Getting Your Rocks Off

And so yes, life is tricky and strange. The thing to do, is dot it with spoonfuls of sugar every now and then. Metaphorically and literally. My own tooth is not particularly sweet, I'd even go so far as saying that at times, I opted for savoury seconds in place of dessert. Again, metaphorically and literally. But denying yourself the pleasure of decadence when the chips (triple cooked or not) are down, seems unnecessary deprivation. One of the most important lessons, I believe, to be learned from a life looking up to a self-flagellator such as dad was, is that you must occasionally kick back and treat yo'self.

To me, there is no greater embodiment of the ultimate treat than a slice of rocky road, aka tiffin, aka fridge cake. When inspired to reach for the sweets, I invariably lean towards chocolate. However, not the sickly, corner shop confectionary minimal cocoa solids content business, but the richer and gooier sort. And even with this particular ingenious yet simple creation, combining chocolaty soothing comfort with a sugary buzz, whilst it's easy to get hold of some god-awful supermarket varieties, they are never EVER as good and satisfying as when home made.

Growing up, of course, my tastes were less discerning on issues on purity, whenever my mum would make fridge cakes. Chocolate was not a staple, we rarely had it at home, let alone available for consumption. But when the mood took her, my mum would whip out the tea biscuits, bash them with a rolling pin, then add them to an irresistible mixture of  cocoa powder, fat (marge, horror of horrors) and sugar. This glistening crunchy batter would be shaped into thick salamis, wrapped in baking parchment, and deposited in the freezer. We would then be apportioned 1 or 2 slices to savour, but not every day, the diminishing size of the enticing roll monitored closely by the parental units. I remember the excitement noticing clues of preparation, the anticipation of the finished cake, being allowed access to chocolate-sullied bowl dispensation and its perks (if I'd been good), and the wonder of the cake's sliceability, despite being frozen, made possible by the high fat content.

And later on, as an adult, coming across the more sophisticated variations - made with *gasp* butter and real chocolate, and with added beloved glacé cherries (yes yes, the marmite conundrum... well i love them so there), raisins, nuts, marshmallows, and even such eccentricities as M&Ms or Smarties! Well i never. Tiffin is even covered in ganache! - all interpreted by my still presiding younger self as rare and special moments to be savoured, enjoyed and never taken for granted. Which is probably why the store-bought kind is readily dismissed and ignored by that same young me. They're just not made with the right intent - dotting our lives with specks of delight.
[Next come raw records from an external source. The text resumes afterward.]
section \<open>Boundedness and equicontinuity in probability\<close>

lemma sets_Collect_ex_continuous_gt:
  fixes f :: "'b::second_countable_topology \<Rightarrow> 'a \<Rightarrow> real"
  assumes U: "open U" and meas: "\<And>s. s \<in> U \<Longrightarrow> f s \<in> borel_measurable M"
    and cont: "\<And>\<omega>. \<omega> \<in> space M \<Longrightarrow> continuous_on U (\<lambda>s. f s \<omega>)"
  shows "{\<omega>\<in>space M. \<exists>s\<in>U. a < f s \<omega>} \<in> sets M"
proof -
  obtain D :: "'b set" where D: "countable D" "\<And>V. open V \<Longrightarrow> V \<noteq> {} \<Longrightarrow> \<exists>d\<in>D. d \<in> V"
    by (rule countable_dense_setE) blast
  have "{\<omega>\<in>space M. \<exists>s\<in>U. a < f s \<omega>} = {\<omega>\<in>space M. \<exists>s\<in>D \<inter> U. a < f s \<omega>}"
  proof safe
    fix \<omega> s assume "\<omega> \<in> space M" "s \<in> U" "a < f s \<omega>"
    moreover have "open (U \<inter> (\<lambda>s. f s \<omega>) -` {a<..})"
      using cont[OF \<open>\<omega> \<in> space M\<close>] U by (intro continuous_open_preimage) auto
    ultimately obtain d where "d \<in> D" "d \<in> U \<inter> (\<lambda>s. f s \<omega>) -` {a<..}"
      using D(2) by blast
    then show "\<exists>s\<in>D \<inter> U. a < f s \<omega>" by auto
  qed auto
  also have "\<dots> \<in> sets M"
    using D(1) meas by (intro sets.sets_Collect_countable_Ex') auto
  finally show ?thesis .
qed

lemma sets_ext_exceeds:
  assumes "cont_process M T X" "0 \<le> T"
  shows "{\<omega>\<in>space M. \<exists>s. a < \<bar>ext T X s \<omega>\<bar>} \<in> sets M"
proof -
  have "{\<omega>\<in>space M. \<exists>s\<in>UNIV. a < \<bar>ext T X s \<omega>\<bar>} \<in> sets M"
    using assms by (intro sets_Collect_ex_continuous_gt) (auto intro!: continuous_intros continuous_on_ext)
  then show ?thesis by simp
qed

lemma sets_ext_oscillation:
  assumes X: "cont_process M T X" and T: "0 \<le> T"
  shows "{\<omega>\<in>space M. \<exists>s u. \<bar>s - u\<bar> < r \<and> c < \<bar>ext T X s \<omega> - ext T X u \<omega>\<bar>} \<in> sets M"
proof -
  have "{\<omega>\<in>space M. \<exists>p\<in>{p. \<bar>fst p - snd p\<bar> < r}. c < \<bar>ext T X (fst p) \<omega> - ext T X (snd p) \<omega>\<bar>}
          \<in> sets M"
    using X T by (intro sets_Collect_ex_continuous_gt)
      (auto intro!: continuous_intros open_Collect_less continuous_on_compose2[OF continuous_on_ext[OF X T]])
  then show ?thesis by simp
qed

lemma measure_ext_exceeds_tendsto_0:
  assumes "finite_measure M" and X: "cont_process M T X" and T: "0 \<le> T"
  shows "(\<lambda>m::nat. measure M {\<omega>\<in>space M. \<exists>s. real m < \<bar>ext T X s \<omega>\<bar>}) \<longlonglongrightarrow> 0"
proof -
  interpret finite_measure M by fact
  define A where "A m = {\<omega>\<in>space M. \<exists>s. real m < \<bar>ext T X s \<omega>\<bar>}" for m :: nat
  have "range A \<subseteq> sets M"
    unfolding A_def using sets_ext_exceeds[OF X T] by blast
  moreover have "decseq A"
    unfolding A_def decseq_def by (auto 4 3 intro: le_less_trans of_nat_mono)
  moreover have "(\<Inter>m. A m) = {}"
  proof safe
    fix \<omega> assume "\<omega> \<in> (\<Inter>m. A m)"
    then have "\<omega> \<in> space M" and exceeds: "\<And>m. \<exists>s. real m < \<bar>ext T X s \<omega>\<bar>"
      unfolding A_def by auto
    obtain B where B: "\<And>s. \<bar>ext T X s \<omega>\<bar> \<le> B"
      using bounded_range_ext[OF X T \<open>\<omega> \<in> space M\<close>] by (auto simp: bounded_real)
    obtain m :: nat where "B < real m"
      using reals_Archimedean2 by blast
    moreover obtain s where "real m < \<bar>ext T X s \<omega>\<bar>"
      using exceeds by blast
    ultimately show "\<omega> \<in> {}"
      using B[of s] by linarith
  qed
  ultimately show ?thesis
    using finite_Lim_measure_decseq[of A] unfolding A_def by simp
qed

lemma measure_ext_oscillation_tendsto_0:
  assumes "finite_measure M" and X: "cont_process M T X" and T: "0 \<le> T" and c: "0 < c"
  shows "(\<lambda>n::nat. measure M {\<omega>\<in>space M. \<exists>s u. \<bar>s - u\<bar> < 1 / Suc n
                                  \<and> c < \<bar>ext T X s \<omega> - ext T X u \<omega>\<bar>}) \<longlonglongrightarrow> 0"
proof -
  interpret finite_measure M by fact
  define A where "A n = {\<omega>\<in>space M. \<exists>s u. \<bar>s - u\<bar> < 1 / Suc n
                                  \<and> c < \<bar>ext T X s \<omega> - ext T X u \<omega>\<bar>}" for n :: nat
  have "range A \<subseteq> sets M"
    unfolding A_def using sets_ext_oscillation[OF X T] by blast
  moreover have "decseq A"
  proof (rule decseq_SucI)
    fix n :: nat
    have "1 / real (Suc (Suc n)) \<le> 1 / real (Suc n)"
      by (simp add: divide_simps)
    then show "A (Suc n) \<subseteq> A n"
      unfolding A_def by (auto intro: less_le_trans)
  qed
  moreover have "(\<Inter>n. A n) = {}"
  proof safe
    fix \<omega> assume "\<omega> \<in> (\<Inter>n. A n)"
    then have "\<omega> \<in> space M" and oscillates: "\<And>n. \<exists>s u. \<bar>s - u\<bar> < 1 / Suc n
                                       \<and> c < \<bar>ext T X s \<omega> - ext T X u \<omega>\<bar>"
      unfolding A_def by auto
    have "\<exists>d>0. \<forall>u s. dist s u < d \<longrightarrow> dist (ext T X s \<omega>) (ext T X u \<omega>) < c"
      using uniformly_continuous_on_ext[OF X T \<open>\<omega> \<in> space M\<close>] c
      unfolding uniformly_continuous_on_def by simp
    then obtain d where "d > 0" and d: "\<And>u s. dist s u < d \<Longrightarrow> dist (ext T X s \<omega>) (ext T X u \<omega>) < c"
      by blast
    obtain n where "1 / Suc n < d"
      using \<open>d > 0\<close> nat_approx_posE by blast
    moreover obtain s u where "\<bar>s - u\<bar> < 1 / Suc n" "c < \<bar>ext T X s \<omega> - ext T X u \<omega>\<bar>"
      using oscillates by blast
    ultimately have "\<bar>s - u\<bar> < d" "c < \<bar>ext T X s \<omega> - ext T X u \<omega>\<bar>"
      by linarith+
    with d[of s u] show "\<omega> \<in> {}"
      by (simp add: dist_real_def)
  qed
  ultimately show ?thesis
    using finite_Lim_measure_decseq[of A] unfolding A_def by simp
qed

section \<open>Algebra of ucp limits\<close>

definition ucp_null :: "'a measure \<Rightarrow> real \<Rightarrow> (real \<Rightarrow> real \<Rightarrow> 'a \<Rightarrow> real) \<Rightarrow> bool" where
  "ucp_null M T D \<longleftrightarrow> (\<forall>\<delta>>0. \<forall>\<eta>>0. \<exists>\<epsilon>0>0. \<forall>\<epsilon>. 0 < \<epsilon> \<and> \<epsilon> < \<epsilon>0 \<longrightarrow>
     (\<exists>A\<in>sets M. {\<omega>\<in>space M. \<exists>t\<in>{0..T}. \<bar>D \<epsilon> t \<omega>\<bar> > \<delta>} \<subseteq> A \<and> measure M A < \<eta>))"

lemma ucp_conv_iff_ucp_null:
  "ucp_conv M T F I \<longleftrightarrow> cont_process M T I \<and> ucp_null M T (\<lambda>\<epsilon> t \<omega>. F \<epsilon> t \<omega> - I t \<omega>)"
  by (simp add: ucp_conv_def ucp_null_def)

lemma ucp_null_le_add:
  assumes D1: "ucp_null M T D1" and D2: "ucp_null M T D2"
    and le: "\<And>\<epsilon> t \<omega>. 0 < \<epsilon> \<Longrightarrow> t \<in> {0..T} \<Longrightarrow> \<omega> \<in> space M
               \<Longrightarrow> \<bar>D \<epsilon> t \<omega>\<bar> \<le> \<bar>D1 \<epsilon> t \<omega>\<bar> + \<bar>D2 \<epsilon> t \<omega>\<bar>"
  shows "ucp_null M T D"
  unfolding ucp_null_def
proof (intro allI impI)
  fix \<delta> \<eta> :: real assume "\<delta> > 0" "\<eta> > 0"
  then have half: "\<delta> / 2 > 0" "\<eta> / 2 > 0" by simp_all
  obtain e1 where "e1 > 0" and e1: "\<forall>\<epsilon>. 0 < \<epsilon> \<and> \<epsilon> < e1 \<longrightarrow> (\<exists>A\<in>sets M.
      {\<omega>\<in>space M. \<exists>t\<in>{0..T}. \<bar>D1 \<epsilon> t \<omega>\<bar> > \<delta> / 2} \<subseteq> A \<and> measure M A < \<eta> / 2)"
    using D1[unfolded ucp_null_def, rule_format, OF half] by blast
  obtain e2 where "e2 > 0" and e2: "\<forall>\<epsilon>. 0 < \<epsilon> \<and> \<epsilon> < e2 \<longrightarrow> (\<exists>A\<in>sets M.
      {\<omega>\<in>space M. \<exists>t\<in>{0..T}. \<bar>D2 \<epsilon> t \<omega>\<bar> > \<delta> / 2} \<subseteq> A \<and> measure M A < \<eta> / 2)"
    using D2[unfolded ucp_null_def, rule_format, OF half] by blast
  show "\<exists>\<epsilon>0>0. \<forall>\<epsilon>. 0 < \<epsilon> \<and> \<epsilon> < \<epsilon>0 \<longrightarrow> (\<exists>A\<in>sets M.
          {\<omega>\<in>space M. \<exists>t\<in>{0..T}. \<bar>D \<epsilon> t \<omega>\<bar> > \<delta>} \<subseteq> A \<and> measure M A < \<eta>)"
  proof (intro exI[of _ "min e1 e2"] conjI allI impI)
    show "0 < min e1 e2" using \<open>e1 > 0\<close> \<open>e2 > 0\<close> by simp
    fix \<epsilon> assume \<epsilon>: "0 < \<epsilon> \<and> \<epsilon> < min e1 e2"
    obtain A1 where A1: "A1 \<in> sets M" "{\<omega>\<in>space M. \<exists>t\<in>{0..T}. \<bar>D1 \<epsilon> t \<omega>\<bar> > \<delta> / 2} \<subseteq> A1"
        "measure M A1 < \<eta> / 2"
      using e1[rule_format, of \<epsilon>] \<epsilon> by auto
    obtain A2 where A2: "A2 \<in> sets M" "{\<omega>\<in>space M. \<exists>t\<in>{0..T}. \<bar>D2 \<epsilon> t \<omega>\<bar> > \<delta> / 2} \<subseteq> A2"
        "measure M A2 < \<eta> / 2"
      using e2[rule_format, of \<epsilon>] \<epsilon> by auto
    have "\<bar>D1 \<epsilon> t \<omega>\<bar> > \<delta> / 2 \<or> \<bar>D2 \<epsilon> t \<omega>\<bar> > \<delta> / 2"
      if "t \<in> {0..T}" "\<omega> \<in> space M" "\<bar>D \<epsilon> t \<omega>\<bar> > \<delta>" for t \<omega>
      using le[of \<epsilon> t \<omega>] that \<epsilon> by linarith
    then have "{\<omega>\<in>space M. \<exists>t\<in>{0..T}. \<bar>D \<epsilon> t \<omega>\<bar> > \<delta>} \<subseteq> A1 \<union> A2"
      using A1(2) A2(2) by blast
    moreover have "measure M (A1 \<union> A2) < \<eta>"
      using measure_Un_le[OF A1(1) A2(1)] A1(3) A2(3) by linarith
    ultimately show "\<exists>A\<in>sets M. {\<omega>\<in>space M. \<exists>t\<in>{0..T}. \<bar>D \<epsilon> t \<omega>\<bar> > \<delta>} \<subseteq> A \<and> measure M A < \<eta>"
      using A1(1) A2(1) by blast
  qed
qed

lemma cont_process_add:
  "cont_process M T I \<Longrightarrow> cont_process M T J \<Longrightarrow> cont_process M T (\<lambda>t \<omega>. I t \<omega> + J t \<omega>)"
  unfolding cont_process_def by (auto intro!: continuous_intros borel_measurable_add borel_measurable_diff)

lemma cont_process_diff:
  "cont_process M T I \<Longrightarrow> cont_process M T J \<Longrightarrow> cont_process M T (\<lambda>t \<omega>. I t \<omega> - J t \<omega>)"
  unfolding cont_process_def by (auto intro!: continuous_intros borel_measurable_add borel_measurable_diff)

lemma ucp_conv_add:
  assumes "ucp_conv M T F I" "ucp_conv M T G J"
  shows "ucp_conv M T (\<lambda>\<epsilon> t \<omega>. F \<epsilon> t \<omega> + G \<epsilon> t \<omega>) (\<lambda>t \<omega>. I t \<omega> + J t \<omega>)"
proof -
  have "ucp_null M T (\<lambda>\<epsilon> t \<omega>. F \<epsilon> t \<omega> - I t \<omega>)" "ucp_null M T (\<lambda>\<epsilon> t \<omega>. G \<epsilon> t \<omega> - J t \<omega>)"
    using assms unfolding ucp_conv_iff_ucp_null by blast+
  then have "ucp_null M T (\<lambda>\<epsilon> t \<omega>. F \<epsilon> t \<omega> + G \<epsilon> t \<omega> - (I t \<omega> + J t \<omega>))"
    by (rule ucp_null_le_add) arith
  then show ?thesis
    using assms cont_process_add unfolding ucp_conv_iff_ucp_null by blast
qed

lemma ucp_conv_diff:
  assumes "ucp_conv M T F I" "ucp_conv M T G J"
  shows "ucp_conv M T (\<lambda>\<epsilon> t \<omega>. F \<epsilon> t \<omega> - G \<epsilon> t \<omega>) (\<lambda>t \<omega>. I t \<omega> - J t \<omega>)"
proof -
  have "ucp_null M T (\<lambda>\<epsilon> t \<omega>. F \<epsilon> t \<omega> - I t \<omega>)" "ucp_null M T (\<lambda>\<epsilon> t \<omega>. G \<epsilon> t \<omega> - J t \<omega>)"
    using assms unfolding ucp_conv_iff_ucp_null by blast+
  then have "ucp_null M T (\<lambda>\<epsilon> t \<omega>. F \<epsilon> t \<omega> - G \<epsilon> t \<omega> - (I t \<omega> - J t \<omega>))"
    by (rule ucp_null_le_add) arith
  then show ?thesis
    using assms cont_process_diff unfolding ucp_conv_iff_ucp_null by blast
qed

lemma ucp_conv_perturb:
  assumes F: "ucp_conv M T F I" and D: "ucp_null M T D"
    and close: "\<And>\<epsilon> t \<omega>. 0 < \<epsilon> \<Longrightarrow> t \<in> {0..T} \<Longrightarrow> \<omega> \<in> space M
                  \<Longrightarrow> \<bar>G \<epsilon> t \<omega> - F \<epsilon> t \<omega>\<bar> \<le> \<bar>D \<epsilon> t \<omega>\<bar>"
  shows "ucp_conv M T G I"
proof -
  have "ucp_null M T (\<lambda>\<epsilon> t \<omega>. G \<epsilon> t \<omega> - I t \<omega>)"
  proof (rule ucp_null_le_add[OF _ D])
    show "ucp_null M T (\<lambda>\<epsilon> t \<omega>. F \<epsilon> t \<omega> - I t \<omega>)"
      using F unfolding ucp_conv_iff_ucp_null by blast
    show "\<bar>G \<epsilon> t \<omega> - I t \<omega>\<bar> \<le> \<bar>F \<epsilon> t \<omega> - I t \<omega>\<bar> + \<bar>D \<epsilon> t \<omega>\<bar>"
      if "0 < \<epsilon>" "t \<in> {0..T}" "\<omega> \<in> space M" for \<epsilon> t \<omega>
      using close[OF that] by linarith
  qed
  then show ?thesis
    using F unfolding ucp_conv_iff_ucp_null by blast
qed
Recently, attending a special and fabulous offal Supperclub marvelled at here, I came across as near an approximation to my mum's recipe as I ever have, and it came as such an unexpected surprise, given the theme of this long and complex meal, that in spite of unbearable fullness, I couldn't help but reach for a second slice, filled with evoked memories, bringing back moments of childhood joy.